• DATA FOR REVIEW
(* Let $G$ be a network whose underlying simple graph is a cactus. Then $R_G(q)$ is Schur quasi-stable, i.e. every complex zero $q$ of $R_G$ satisfies $|q|\le1$.
   Context: A network is a finite connected loopless multigraph, possibly with multiple edges. $R_G(q)$ is the probability that deleting each edge independently with probability $q$ leaves a connected spanning subgraph; it is a polynomial in $q$. The underlying simple graph has the same vertices and one edge for each adjacent pair. A cactus is a connected simple graph in which each edge lies in at most one cycle. *)

theory Defs
  imports "HOL-Computational_Algebra.Polynomial" Complex_Main
begin

text \<open>A network: finite nonempty vertex set V, finite edge set E (edges are abstract
  objects, so parallel edges are allowed), and an endpoint map ends assigning to each
  edge a set of exactly two distinct vertices of V (so no loops).\<close>

definition multigraph :: "'v set \<Rightarrow> 'e set \<Rightarrow> ('e \<Rightarrow> 'v set) \<Rightarrow> bool" where
  "multigraph V E ends \<longleftrightarrow> finite V \<and> V \<noteq> {} \<and> finite E \<and>
     (\<forall>e\<in>E. ends e \<subseteq> V \<and> card (ends e) = 2)"

definition edge_rel :: "'e set \<Rightarrow> ('e \<Rightarrow> 'v set) \<Rightarrow> ('v \<times> 'v) set" where
  "edge_rel S ends = {(u, v). \<exists>e\<in>S. ends e = {u, v}}"

definition spanning_connected :: "'v set \<Rightarrow> 'e set \<Rightarrow> ('e \<Rightarrow> 'v set) \<Rightarrow> bool" where
  "spanning_connected V S ends \<longleftrightarrow> (\<forall>u\<in>V. \<forall>v\<in>V. (u, v) \<in> (edge_rel S ends)\<^sup>*)"

definition network :: "'v set \<Rightarrow> 'e set \<Rightarrow> ('e \<Rightarrow> 'v set) \<Rightarrow> bool" where
  "network V E ends \<longleftrightarrow> multigraph V E ends \<and> spanning_connected V E ends"

text \<open>All-terminal reliability polynomial: each edge is deleted independently with
  probability q; R(q) = sum over connected spanning edge subsets S of
  (1-q)^|S| q^|E - S|.\<close>
definition reliability_poly :: "'v set \<Rightarrow> 'e set \<Rightarrow> ('e \<Rightarrow> 'v set) \<Rightarrow> complex poly" where
  "reliability_poly V E ends =
     (\<Sum>S\<in>{S. S \<subseteq> E \<and> spanning_connected V S ends}.
        [:1, -1:] ^ card S * [:0, 1:] ^ card (E - S))"

definition adj :: "'e set \<Rightarrow> ('e \<Rightarrow> 'v set) \<Rightarrow> 'v \<Rightarrow> 'v \<Rightarrow> bool" where
  "adj E ends u v \<longleftrightarrow> u \<noteq> v \<and> (\<exists>e\<in>E. ends e = {u, v})"

definition is_cycle :: "'e set \<Rightarrow> ('e \<Rightarrow> 'v set) \<Rightarrow> 'v list \<Rightarrow> bool" where
  "is_cycle E ends vs \<longleftrightarrow> length vs \<ge> 3 \<and> distinct vs \<and>
     (\<forall>i<length vs. adj E ends (vs ! i) (vs ! ((i + 1) mod length vs)))"

definition cycle_edges :: "'v list \<Rightarrow> 'v set set" where
  "cycle_edges vs = {{vs ! i, vs ! ((i + 1) mod length vs)} | i. i < length vs}"

text \<open>Cactus: connected simple graph in which every edge lies in at most one cycle.\<close>
definition underlying_is_cactus :: "'v set \<Rightarrow> 'e set \<Rightarrow> ('e \<Rightarrow> 'v set) \<Rightarrow> bool" where
  "underlying_is_cactus V E ends \<longleftrightarrow>
     (\<forall>u\<in>V. \<forall>v\<in>V. (u, v) \<in> {(x, y). adj E ends x y}\<^sup>*) \<and>
     (\<forall>c1 c2 x y. is_cycle E ends c1 \<and> is_cycle E ends c2 \<and>
        {x, y} \<in> cycle_edges c1 \<and> {x, y} \<in> cycle_edges c2 \<longrightarrow>
        cycle_edges c1 = cycle_edges c2)"

end

theory Submission
  imports Defs
begin

text \<open>
  Put x = (1 - q) / q. Summing over the connected spanning edge sets S gives
  R_G(q) = q^|E| Z_G(x), where Z_G(x) is the sum over S of the products of the x_e, e in S, taken
  with an independent weight x_e on every edge. For |q| > 1 all weights lie in the disc
  |1 + z| < 1, i.e. in {z. z \<noteq> 0 \<and> Re (1 / z) < -1/2}. The sum factors under three reductions:
  two parallel edges of weights x, y merge into one edge of weight (1 + x) (1 + y) - 1; a pendant
  vertex is deleted at the cost of the factor x_a of its edge; a vertex of degree two is smoothed,
  its edges of weights x, y becoming one edge of weight x y / (x + y), at the cost of the factor
  x + y. The disc is closed under both compositions and all factors are nonzero on it.
  A cactus without parallel edges and with two or more vertices has a vertex of degree at most
  two, namely the first vertex of a longest path: two chords from it to the path would give two
  cycles through the first path edge. Smoothing keeps the graph a cactus, so induction on
  |V| + |E| reduces G to a single vertex, where the sum is 1. Hence Z_G(x) \<noteq> 0.
\<close>

section \<open>Connectivity of a relation on a vertex set\<close>

definition rel_connected_on :: "'a set \<Rightarrow> ('a \<times> 'a) set \<Rightarrow> bool" where
  "rel_connected_on W R \<longleftrightarrow> (\<forall>x\<in>W. \<forall>y\<in>W. (x, y) \<in> R\<^sup>*)"

lemma spanning_connected_iff_rel_connected_on:
  "spanning_connected V S ends \<longleftrightarrow> rel_connected_on V (edge_rel S ends)"
  unfolding spanning_connected_def rel_connected_on_def by simp

lemma rtrancl_bypass:
  assumes "(x, y) \<in> R\<^sup>*" "x \<noteq> c" "y \<noteq> c"
    and direct: "\<And>p q. (p, q) \<in> R \<Longrightarrow> p \<noteq> c \<Longrightarrow> q \<noteq> c \<Longrightarrow> (p, q) \<in> R'\<^sup>*"
    and detour: "\<And>p q. (p, c) \<in> R \<Longrightarrow> (c, q) \<in> R \<Longrightarrow> (p, q) \<in> R'\<^sup>*"
  shows "(x, y) \<in> R'\<^sup>*"
proof -
  from assms(1) have "(y \<noteq> c \<longrightarrow> (x, y) \<in> R'\<^sup>*) \<and> (y = c \<longrightarrow> (\<exists>p. (p, c) \<in> R \<and> (x, p) \<in> R'\<^sup>*))"
  proof (induction rule: rtrancl_induct)
    case base
    then show ?case using \<open>x \<noteq> c\<close> by auto
  next
    case (step y z)
    show ?case
    proof (cases "y = c")
      case True
      then obtain p where "(p, c) \<in> R" "(x, p) \<in> R'\<^sup>*" using step.IH by auto
      with detour[of p z] step.hyps(2) True show ?thesis by (auto intro: rtrancl_trans)
    next
      case False
      then have "(x, y) \<in> R'\<^sup>*" using step.IH by auto
      with direct[of y z] step.hyps(2) False show ?thesis by (auto intro: rtrancl_trans)
    qed
  qed
  then show ?thesis using \<open>y \<noteq> c\<close> by auto
qed

lemma rel_connected_on_insertI:
  assumes "rel_connected_on W R" "R \<subseteq> R'\<^sup>*" "u \<in> W" "(v, u) \<in> R'\<^sup>*" "(u, v) \<in> R'\<^sup>*"
  shows "rel_connected_on (insert v W) R'"
proof -
  have W: "(x, y) \<in> R'\<^sup>*" if "x \<in> W" "y \<in> W" for x y
    using assms(1,2) that rtrancl_subset_rtrancl unfolding rel_connected_on_def by blast
  show ?thesis
    unfolding rel_connected_on_def
    using W[OF _ \<open>u \<in> W\<close>] W[OF \<open>u \<in> W\<close>] assms(4,5) by (blast intro: rtrancl_trans)
qed

lemma not_rel_connected_on_insert_isolated:
  assumes "R \<subseteq> W \<times> W" "v \<notin> W" "W \<noteq> {}"
  shows "\<not> rel_connected_on (insert v W) R"
proof
  assume "rel_connected_on (insert v W) R"
  moreover obtain y where "y \<in> W" using assms(3) by auto
  ultimately have "(v, y) \<in> R\<^sup>*" unfolding rel_connected_on_def by auto
  then show False
    using \<open>y \<in> W\<close> assms(1,2) by (cases rule: converse_rtranclE) auto
qed

lemma rel_connected_on_insert_pendant_iff:
  assumes "R \<subseteq> W \<times> W" "v \<notin> W" "u \<in> W"
  shows "rel_connected_on (insert v W) ({(v, u), (u, v)} \<union> R) \<longleftrightarrow> rel_connected_on W R"
proof
  assume conn: "rel_connected_on (insert v W) ({(v, u), (u, v)} \<union> R)"
  show "rel_connected_on W R"
    unfolding rel_connected_on_def
  proof (intro ballI)
    fix x y assume "x \<in> W" "y \<in> W"
    with conn have "(x, y) \<in> ({(v, u), (u, v)} \<union> R)\<^sup>*" unfolding rel_connected_on_def by blast
    then show "(x, y) \<in> R\<^sup>*"
      by (rule rtrancl_bypass[where c = v]) (use \<open>x \<in> W\<close> \<open>y \<in> W\<close> assms in auto)
  qed
next
  assume "rel_connected_on W R"
  then show "rel_connected_on (insert v W) ({(v, u), (u, v)} \<union> R)"
    by (rule rel_connected_on_insertI[OF _ _ \<open>u \<in> W\<close>]) auto
qed

lemma rel_connected_on_insert_series_iff:
  assumes "R \<subseteq> W \<times> W" "v \<notin> W" "u \<in> W" "w \<in> W"
  shows "rel_connected_on (insert v W) ({(v, u), (u, v)} \<union> ({(v, w), (w, v)} \<union> R))
     \<longleftrightarrow> rel_connected_on W ({(u, w), (w, u)} \<union> R)"
proof
  assume conn: "rel_connected_on (insert v W) ({(v, u), (u, v)} \<union> ({(v, w), (w, v)} \<union> R))"
  show "rel_connected_on W ({(u, w), (w, u)} \<union> R)"
    unfolding rel_connected_on_def
  proof (intro ballI)
    fix x y assume "x \<in> W" "y \<in> W"
    with conn have "(x, y) \<in> ({(v, u), (u, v)} \<union> ({(v, w), (w, v)} \<union> R))\<^sup>*"
      unfolding rel_connected_on_def by blast
    then show "(x, y) \<in> ({(u, w), (w, u)} \<union> R)\<^sup>*"
      by (rule rtrancl_bypass[where c = v]) (use \<open>x \<in> W\<close> \<open>y \<in> W\<close> assms in auto)
  qed
next
  let ?R' = "{(v, u), (u, v)} \<union> ({(v, w), (w, v)} \<union> R)"
  have "(u, w) \<in> ?R'\<^sup>*" "(w, u) \<in> ?R'\<^sup>*"
    by (meson UnCI insertCI converse_rtrancl_into_rtrancl r_into_rtrancl)+
  then have "{(u, w), (w, u)} \<union> R \<subseteq> ?R'\<^sup>*" by auto
  moreover assume "rel_connected_on W ({(u, w), (w, u)} \<union> R)"
  ultimately show "rel_connected_on (insert v W) ?R'"
    by (intro rel_connected_on_insertI[OF _ _ \<open>u \<in> W\<close>]) auto
qed

lemma edge_rel_insert:
  assumes "ends e = {p, q}"
  shows "edge_rel (insert e S) ends = {(p, q), (q, p)} \<union> edge_rel S ends"
  using assms unfolding edge_rel_def by (auto simp: doubleton_eq_iff)

lemma edge_rel_cong:
  assumes "\<And>e. e \<in> S \<Longrightarrow> ends e = ends' e"
  shows "edge_rel S ends = edge_rel S ends'"
  using assms unfolding edge_rel_def by auto

lemma edge_rel_subset:
  assumes "\<And>e. e \<in> S \<Longrightarrow> ends e \<subseteq> W"
  shows "edge_rel S ends \<subseteq> W \<times> W"
  using assms unfolding edge_rel_def by auto

lemma not_spanning_connected_isolated:
  assumes "\<And>e. e \<in> S \<Longrightarrow> ends e \<subseteq> V - {v}" "v \<in> V" "V - {v} \<noteq> {}"
  shows "\<not> spanning_connected V S ends"
proof -
  have R: "edge_rel S ends \<subseteq> (V - {v}) \<times> (V - {v})" using assms(1) by (rule edge_rel_subset)
  have V: "insert v (V - {v}) = V" using assms(2) by auto
  show ?thesis
    using not_rel_connected_on_insert_isolated[OF R, of v] assms(3)
    unfolding spanning_connected_iff_rel_connected_on V by simp
qed

lemma spanning_connected_insert_pendant_iff:
  assumes "\<And>e. e \<in> S \<Longrightarrow> ends e \<subseteq> V - {v}" "ends a = {v, u}" "v \<in> V" "u \<in> V - {v}"
  shows "spanning_connected V (insert a S) ends \<longleftrightarrow> spanning_connected (V - {v}) S ends"
proof -
  have R: "edge_rel S ends \<subseteq> (V - {v}) \<times> (V - {v})" using assms(1) by (rule edge_rel_subset)
  have V: "insert v (V - {v}) = V" using assms(3) by auto
  show ?thesis
    using rel_connected_on_insert_pendant_iff[OF R, of v u] assms(4)
    unfolding spanning_connected_iff_rel_connected_on edge_rel_insert[of ends a v u, OF assms(2)] V
    by simp
qed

• PROBLEM TO WORK ON
For each line above that contains the word "detour", give the line as it is written.

• RESPONSE BOX
    and detour: "\<And>p q. (p, c) \<in> R \<Longrightarrow> (c, q) \<in> R \<Longrightarrow> (p, q) \<in> R'\<^sup>*"
      with detour[of p z] step.hyps(2) True show ?thesis by (auto intro: rtrancl_trans)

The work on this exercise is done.